The researchers theorized that the wrinkles would form the same way each time, as the blood vessels that constrict to form them don’t move around within the fingers.
Related: Why do wrinkles form?
“Blood vessels don’t change their position much — they move around a bit, but in relation to other blood vessels, they’re pretty static,” German said. “That means the wrinkles should form in the same manner, and we proved that they do.”
The researchers tested this hypothesis on three subjects, submerging their fingers in water for 30 minutes and taking pictures of their “pruning.” They then repeated the process under the same conditions 24 hours later, and compared the images of their fingers.
The scientists discovered that each participant had the same patterns of wrinkles appear during both tests, indicating that an individual’s wrinkles form the same way each time.
“This work conclusively reveals for the first time that topographical wrinkle patterns caused by prolonged human hand immersion in water are repeatable and consistent at different timepoints,” the researchers wrote in the paper.
“The results demonstrate a significant relationship between wrinkle orientation across both time points and thus reveal the consistency of wrinkle morphology over time.”
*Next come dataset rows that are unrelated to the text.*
(* There exist a dynamical system $(X,T)$ which is non-proximal, not totally transitive and transitive compact, and a point $x_0\in X$ such that $\omega_{\mathcal{N}_T}(x_0)\neq\omega_T(x)$ for all $x\in X$.
   Context: A dynamical system $(X,T)$: $X$ is a compact metric space (metric $d$) with more than one point and without isolated points, $T:X\to X$ a continuous surjection. $(X,T)$ is proximal if $\liminf_{n\to\infty}d(T^nx,T^ny)=0$ for all $x,y\in X$. "Opene" means open and nonempty. $N_T(U,V)=\{n\in\mathbb{Z}_+:U\cap T^{-n}V\neq\varnothing\}$. $(X,T)$ is transitive if $N_T(U,V)\neq\varnothing$ for all opene $U,V$; totally transitive if $(X,T^k)$ is transitive for every $k\in\mathbb{N}$. $\mathcal{N}_T$ is the family of subsets of $\mathbb{Z}_+$ containing some $N_T(U,V)$ with $U,V$ opene; $\omega_{\mathcal{N}_T}(x)=\bigcap_{F\in\mathcal{N}_T}\overline{\{T^ix:i\in F\}}$; transitive compact means $\omega_{\mathcal{N}_T}(x)\neq\varnothing$ for all $x$. $\omega_T(x)=\bigcap_{n\ge1}\overline{\{T^kx:k\ge n\}}$. *)

theory Defs
  imports "HOL-Analysis.Analysis" "HOL-Library.Liminf_Limsup"
begin

definition dyn_sys :: "'a set \<Rightarrow> ('a \<Rightarrow> 'a \<Rightarrow> real) \<Rightarrow> ('a \<Rightarrow> 'a) \<Rightarrow> bool" where
  "dyn_sys X d T \<longleftrightarrow>
     Metric_space X d \<and>
     compact_space (Metric_space.mtopology X d) \<and>
     (\<exists>x\<in>X. \<exists>y\<in>X. x \<noteq> y) \<and>
     (\<forall>x\<in>X. \<not> openin (Metric_space.mtopology X d) {x}) \<and>
     continuous_map (Metric_space.mtopology X d) (Metric_space.mtopology X d) T \<and>
     T ` X = X"

definition proximal :: "'a set \<Rightarrow> ('a \<Rightarrow> 'a \<Rightarrow> real) \<Rightarrow> ('a \<Rightarrow> 'a) \<Rightarrow> bool" where
  "proximal X d T \<longleftrightarrow>
     (\<forall>x\<in>X. \<forall>y\<in>X. liminf (\<lambda>n. ereal (d ((T ^^ n) x) ((T ^^ n) y))) = 0)"

definition opene :: "'a set \<Rightarrow> ('a \<Rightarrow> 'a \<Rightarrow> real) \<Rightarrow> 'a set \<Rightarrow> bool" where
  "opene X d U \<longleftrightarrow> openin (Metric_space.mtopology X d) U \<and> U \<noteq> {}"

definition hitting_times :: "('a \<Rightarrow> 'a) \<Rightarrow> 'a set \<Rightarrow> 'a set \<Rightarrow> nat set" where
  "hitting_times T U V = {n. \<exists>x\<in>U. (T ^^ n) x \<in> V}"

definition transitive_sys :: "'a set \<Rightarrow> ('a \<Rightarrow> 'a \<Rightarrow> real) \<Rightarrow> ('a \<Rightarrow> 'a) \<Rightarrow> bool" where
  "transitive_sys X d T \<longleftrightarrow>
     (\<forall>U V. opene X d U \<and> opene X d V \<longrightarrow> hitting_times T U V \<noteq> {})"

definition totally_transitive :: "'a set \<Rightarrow> ('a \<Rightarrow> 'a \<Rightarrow> real) \<Rightarrow> ('a \<Rightarrow> 'a) \<Rightarrow> bool" where
  "totally_transitive X d T \<longleftrightarrow> (\<forall>k::nat. k \<ge> 1 \<longrightarrow> transitive_sys X d (T ^^ k))"

definition hitting_family :: "'a set \<Rightarrow> ('a \<Rightarrow> 'a \<Rightarrow> real) \<Rightarrow> ('a \<Rightarrow> 'a) \<Rightarrow> nat set set" where
  "hitting_family X d T =
     {F. \<exists>U V. opene X d U \<and> opene X d V \<and> hitting_times T U V \<subseteq> F}"

definition omega_NT :: "'a set \<Rightarrow> ('a \<Rightarrow> 'a \<Rightarrow> real) \<Rightarrow> ('a \<Rightarrow> 'a) \<Rightarrow> 'a \<Rightarrow> 'a set" where
  "omega_NT X d T x =
     X \<inter> (\<Inter>F\<in>hitting_family X d T.
            Metric_space.mtopology X d closure_of ((\<lambda>i. (T ^^ i) x) ` F))"

definition transitive_compact :: "'a set \<Rightarrow> ('a \<Rightarrow> 'a \<Rightarrow> real) \<Rightarrow> ('a \<Rightarrow> 'a) \<Rightarrow> bool" where
  "transitive_compact X d T \<longleftrightarrow> (\<forall>x\<in>X. omega_NT X d T x \<noteq> {})"

definition omega_T :: "'a set \<Rightarrow> ('a \<Rightarrow> 'a \<Rightarrow> real) \<Rightarrow> ('a \<Rightarrow> 'a) \<Rightarrow> 'a \<Rightarrow> 'a set" where
  "omega_T X d T x =
     X \<inter> (\<Inter>n\<in>{1..}. Metric_space.mtopology X d closure_of ((\<lambda>k. (T ^^ k) x) ` {n..}))"

end

theory Submission
  imports Defs
begin

text \<open>The example is a subshift of \<open>{0,1}\<^sup>\<nat>\<close>: the sequences whose switches (positions \<open>n\<close> with
  \<open>x n \<noteq> x (n + 1)\<close>) all have the same parity and are sparse, in the sense that any \<open>k\<^sup>2\<close>
  consecutive positions contain at most \<open>k\<close> switches.

  Gluing a prefix of one point to a prefix of another across a long constant stretch shows that
  every hitting time set \<open>N(U, V)\<close> contains all large times of one parity. Sparsity forces every
  point to have arbitrarily long runs of some symbol \<open>c\<close>, and then the fixed point \<open>c\<^sup>\<infinity>\<close> lies
  in \<open>\<omega>\<^sub>\<N>(x)\<close>; the two fixed points are at distance 1. The parity constraint makes the hitting
  times from "switch at 0" to "switch at 0" even and to "switch at 1" odd, so the square of the
  shift is not transitive.

  For \<open>x\<^sub>0\<close> switching exactly at the times \<open>2j\<^sup>2\<close>, the orbit along even times only sees
  sequences whose switches are even and along odd times sequences whose switches are odd; hence
  \<open>\<omega>\<^sub>\<N>(x\<^sub>0) = {0\<^sup>\<infinity>, 1\<^sup>\<infinity>}\<close>. This is no \<open>\<omega>(x)\<close>: an eventually constant orbit has a
  one-symbol limit set, and otherwise compactness yields a limit point with a switch at 0.
  Finally everything is carried over to \<open>\<real>\<close> along a bijection \<open>2\<^sup>\<nat> \<cong> \<real>\<close>, pulling the
  metric back.\<close>

section \<open>The Cantor metric on sequences\<close>

definition agree_upto :: "(nat \<Rightarrow> 'a) \<Rightarrow> (nat \<Rightarrow> 'a) \<Rightarrow> nat \<Rightarrow> bool" where
  "agree_upto x y L \<longleftrightarrow> (\<forall>k<L. x k = y k)"

definition cantor_dist :: "(nat \<Rightarrow> 'a) \<Rightarrow> (nat \<Rightarrow> 'a) \<Rightarrow> real" where
  "cantor_dist x y = (if x = y then 0 else (1/2) ^ (LEAST n. x n \<noteq> y n))"

lemma agree_upto_mono: "agree_upto x y L \<Longrightarrow> L' \<le> L \<Longrightarrow> agree_upto x y L'"
  by (auto simp: agree_upto_def)

lemma agree_upto_iff_le_difference:
  "agree_upto x y n \<Longrightarrow> x n \<noteq> y n \<Longrightarrow> agree_upto x y L \<longleftrightarrow> L \<le> n"
  unfolding agree_upto_def by (metis not_le order_less_le_trans)

lemma cantor_dist_first_difference:
  assumes "x \<noteq> y"
  obtains n where "cantor_dist x y = (1/2)^n" "agree_upto x y n" "x n \<noteq> y n"
proof -
  obtain m where "x m \<noteq> y m" using assms by auto
  define n where "n = (LEAST n. x n \<noteq> y n)"
  have "x n \<noteq> y n" unfolding n_def by (rule LeastI) fact
  moreover have "agree_upto x y n" unfolding agree_upto_def n_def using not_less_Least by blast
  moreover have "cantor_dist x y = (1/2)^n" using assms by (simp add: cantor_dist_def n_def)
  ultimately show ?thesis using that by blast
qed

lemma cantor_dist_le_iff: "cantor_dist x y \<le> (1/2)^L \<longleftrightarrow> agree_upto x y L"
proof (cases "x = y")
  case False
  then obtain n where "cantor_dist x y = (1/2)^n" "agree_upto x y n" "x n \<noteq> y n"
    by (rule cantor_dist_first_difference)
  then show ?thesis using agree_upto_iff_le_difference[of x y n L] by (simp add: power_decreasing_iff)
qed (simp add: cantor_dist_def agree_upto_def)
However, as the study only included a test group of three people, further research on more individuals needs to be done to firmly conclude that fingers prune the same way each time.
In fact, the exact reason that our fingers evolved to prune in water remains unclear. Several studies have found evidence suggesting that the wrinkles may improve our grip on objects during wet conditions. However, other research has found no improvement in grip or tactile acuity when fingers are wrinkled.
Regardless of its evolutionary origin, the researchers hope that their discovery of skin wrinkling being consistent each time could one day be used in forensic investigations.
“Biometrics and fingerprints are built into my brain,” said German, whose father was a police officer. “I always think about this sort of stuff, because it’s fascinating.”
“I feel like a kid in a candy store, because there’s so much science here that I don’t know.”